3.3.1. Protective Mechanism of Xinmailong Injection on Cardiomyocytes

Studies have shown that myocardial cell damage is closely related to Oxidative Stress (OS) and inflammation [28]. OS refers to an unbalanced state caused by excessive oxidation of the body. In this state, the body's ability to synthesize reactive oxygen species (ROS) increases and the ability to resist oxidation decreases, resulting in damage to the body's tissue function. When OS occurs, the levels of lipid peroxides and ROS are significantly increased. The increase of ROS levels can further increase the expression of proinflammatory factors by activating nuclear factor kappa B (NF-KB) system, thereby promoting the inflammatory response [29, 30].

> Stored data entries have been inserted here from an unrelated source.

lemma kcond_exp_stopped_le_on_level:
  fixes av :: "'k::field \<Rightarrow> real"
  assumes loc: "nonarch_local_field av" and P: "prob_space M"
    and F: "\<And>n. subalgebra M (F n)" and T: "stopping_time_nat M F T"
    and X: "X \<in> Linf M M av" and Xn: "Xs n \<in> kcond_exp M (F n) av X"
    and Y: "Y \<in> Linf M M av" and Y_eq: "\<And>\<omega>. T \<omega> = n \<Longrightarrow> Y \<omega> = Xs n \<omega>"
    and Z: "Z \<in> Linf M (stopped_sigma M F T) av"
  shows "AE x in M. T x = n \<longrightarrow> cond_norm M (stopped_sigma M F T) av (\<lambda>x. X x - Y x) x
    \<le> cond_norm M (stopped_sigma M F T) av (\<lambda>x. X x - Z x) x"
proof -
  interpret Fn: sigma_finite_subalgebra M "F n"
    using P F by (rule prob_space_sigma_finite_subalgebra)
  have fin: "finite_measure M"
    using P by (simp add: prob_space_def)
  note int = integrable_av_diff_power[OF loc fin X]
  define L where "L = {\<omega> \<in> space M. T \<omega> = n}"
  have L: "L \<in> sets (F n)"
    unfolding L_def by (rule stopping_time_natD[OF T])
  define Zn where "Zn = (\<lambda>\<omega>. if T \<omega> = n then Z \<omega> else 0)"
  have Zn: "Zn \<in> Linf M (F n) av"
    unfolding Zn_def by (rule Linf_stopped_restrict[OF F T Z])
  have Xn_M: "Xs n \<in> Linf M M av"
    using kcond_exp_Linf[OF Xn] Linf_subalgebra[OF F] by blast
  have Z_M: "Z \<in> Linf M M av"
    using Z Linf_subalgebra[OF subalgebra_stopped_sigma[OF F T]] by blast
  have Zn_M: "Zn \<in> Linf M M av"
    using Zn Linf_subalgebra[OF F] by blast
  have "AE x in M. T x = n \<longrightarrow> cond_esssup M (stopped_sigma M F T) (\<lambda>x. av (X x - Y x)) x
      = cond_esssup M (F n) (\<lambda>x. av (X x - Y x)) x"
    by (rule cond_esssup_stopped_sigma[OF P F T int[OF Y]])
  moreover have "AE x in M. x \<in> L \<longrightarrow> cond_esssup M (F n) (\<lambda>x. av (X x - Y x)) x
      = cond_esssup M (F n) (\<lambda>x. av (X x - Xs n x)) x"
    by (rule Fn.cond_esssup_local[OF L int[OF Y] int[OF Xn_M]]) (simp add: L_def Y_eq)
  moreover have "AE x in M. cond_esssup M (F n) (\<lambda>x. av (X x - Xs n x)) x
      \<le> cond_esssup M (F n) (\<lambda>x. av (X x - Zn x)) x"
    by (rule kcond_exp_minimal[OF Xn Zn])
  moreover have "AE x in M. x \<in> L \<longrightarrow> cond_esssup M (F n) (\<lambda>x. av (X x - Zn x)) x
      = cond_esssup M (F n) (\<lambda>x. av (X x - Z x)) x"
    by (rule Fn.cond_esssup_local[OF L int[OF Zn_M] int[OF Z_M]]) (simp add: L_def Zn_def)
  moreover have "AE x in M. T x = n \<longrightarrow> cond_esssup M (stopped_sigma M F T) (\<lambda>x. av (X x - Z x)) x
      = cond_esssup M (F n) (\<lambda>x. av (X x - Z x)) x"
    by (rule cond_esssup_stopped_sigma[OF P F T int[OF Z_M]])
  ultimately show ?thesis
    using AE_space unfolding cond_norm_def by eventually_elim (auto simp: L_def)
qed

lemma kcond_exp_stopped_process:
  fixes av :: "'k::field \<Rightarrow> real"
  assumes loc: "nonarch_local_field av" and P: "prob_space M"
    and F: "\<And>n. subalgebra M (F n)" and T: "stopping_time_nat M F T"
    and X: "X \<in> Linf M M av" and Xs: "\<And>n. Xs n \<in> kcond_exp M (F n) av X"
  shows "(\<lambda>\<omega>. Xs (T \<omega>) \<omega>) \<in> kcond_exp M (stopped_sigma M F T) av X"
proof -
  define Y where "Y = (\<lambda>\<omega>. Xs (T \<omega>) \<omega>)"
  obtain C where C: "AE x in M. av (X x) \<le> C" "0 \<le> C"
  proof -
    obtain C where "AE x in M. av (X x) \<le> C"
      using X unfolding Linf_def by blast
    then have "AE x in M. av (X x) \<le> max C 0"
      by eventually_elim auto
    then show thesis
      by (rule that) simp
  qed
  have "AE x in M. \<forall>n. av (Xs n x) \<le> C"
    unfolding AE_all_countable using kcond_exp_av_le[OF loc P F X C Xs] by blast
  then have "AE x in M. av (Y x) \<le> C"
    by eventually_elim (simp add: Y_def)
  moreover have "Xs n \<in> measurable (F n) (kborel av)" for n
    using kcond_exp_Linf[OF Xs[of n]] unfolding Linf_def by blast
  then have "Y \<in> measurable (stopped_sigma M F T) (kborel av)"
    unfolding Y_def by (rule measurable_stopped_process[OF F T])
  ultimately have Y_FT: "Y \<in> Linf M (stopped_sigma M F T) av"
    unfolding Linf_def by blast
  then have Y_M: "Y \<in> Linf M M av"
    using Linf_subalgebra[OF subalgebra_stopped_sigma[OF F T]] by blast
  have "AE x in M. cond_norm M (stopped_sigma M F T) av (\<lambda>x. X x - Y x) x
      \<le> cond_norm M (stopped_sigma M F T) av (\<lambda>x. X x - Z x) x"
    if Z: "Z \<in> Linf M (stopped_sigma M F T) av" for Z
  proof -
    have "AE x in M. T x = n \<longrightarrow> cond_norm M (stopped_sigma M F T) av (\<lambda>x. X x - Y x) x
        \<le> cond_norm M (stopped_sigma M F T) av (\<lambda>x. X x - Z x) x" for n
      by (rule kcond_exp_stopped_le_on_level[where Xs = Xs, OF loc P F T X Xs[of n] Y_M _ Z]) (simp add: Y_def)
    then have "AE x in M. \<forall>n. T x = n \<longrightarrow> cond_norm M (stopped_sigma M F T) av (\<lambda>x. X x - Y x) x
        \<le> cond_norm M (stopped_sigma M F T) av (\<lambda>x. X x - Z x) x"
      unfolding AE_all_countable by blast
    then show ?thesis
      by eventually_elim auto
  qed
  with Y_FT have "Y \<in> kcond_exp M (stopped_sigma M F T) av X"
    unfolding kcond_exp_def by blast
  then show ?thesis
    by (simp add: Y_def)
qed

theorem mainTheorem18:
  fixes M :: "'a measure" and av :: "'k::field \<Rightarrow> real"
    and F :: "nat \<Rightarrow> 'a measure" and X :: "'a \<Rightarrow> 'k" and Xs :: "nat \<Rightarrow> 'a \<Rightarrow> 'k"
    and T :: "'a \<Rightarrow> nat"
  assumes "nonarch_local_field av"
    and "prob_space M"
    and "filtration M F"
    and "X \<in> Linf M M av"
    and "\<And>n. Xs n \<in> kcond_exp M (F n) av X"
    and "stopping_time_nat M F T"
  shows "(\<lambda>\<omega>. \<Sum>n\<le>T \<omega>. (if T \<omega> = n then 1 else 0) * Xs n \<omega>)
           \<in> kcond_exp M (stopped_sigma M F T) av X"
proof -
  have F: "\<And>n. subalgebra M (F n)"
    using assms(3) unfolding filtration_def by blast
  have "(\<lambda>\<omega>. \<Sum>n\<le>T \<omega>. (if T \<omega> = n then 1 else 0) * Xs n \<omega>) = (\<lambda>\<omega>. Xs (T \<omega>) \<omega>)"
    by (simp add: if_distrib[where f = "\<lambda>c. c * _"] cong: if_cong)
  then show ?thesis
    using kcond_exp_stopped_process[OF assms(1,2) F assms(6,4,5)] by simp
qed

end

Wu Jianxin et al. [7] found that Xinmailong Injection can significantly reduce the J-point displacement (increased or lowered) on the electrocardiogram (ECG) of rabbits caused by isoproterenol so that the J-point position is close to the normal equipotential line. This suggests that Xinmailong Injection has a protective effect on isoproterenol-induced myocardial ischemic injury. Xinmailong Injection can also significantly reduce the frequency of ischemic arrhythmias in rabbits. Studies [8] on the rats further confirmed that Xinmailong Injection can correct the J-point displacement on the ECG caused by myocardial ischemia, and Xinmailong Injection can significantly reduce the level of the lipid peroxide malondialdehyde (MDA), reduce the activity of creatine phosphokinase (CPK) and lactate dehydrogenase (LDH) in blood, and improve glutathione peroxidase (GSH-PX) and SOD activity in myocardial tissue. Tian Kunlun and Jiang Yu [9] found that Xinmailong Injection can increase SOD activity and / (ratio of nitrite to nitrate) level, correct acidosis, improve circulating blood flow, and increase urine output in rabbits of ischemia-reperfusion injury induced by hypovolemic shock. Li Zhengtao et al. [10] found in the cell experiment that Xinmailong Injection can significantly reduce the production of ROS in H9C2 cells and increase the expression of antioxidant enzymes such as superoxide dismutase- (SOD-) 1, SOD-2, and heme oxygenase (HO)-1, which indicates that the protective effect of Xinmailong Injection on cardiomyocytes is achieved by anti-lipid peroxidation and inhibition of OS.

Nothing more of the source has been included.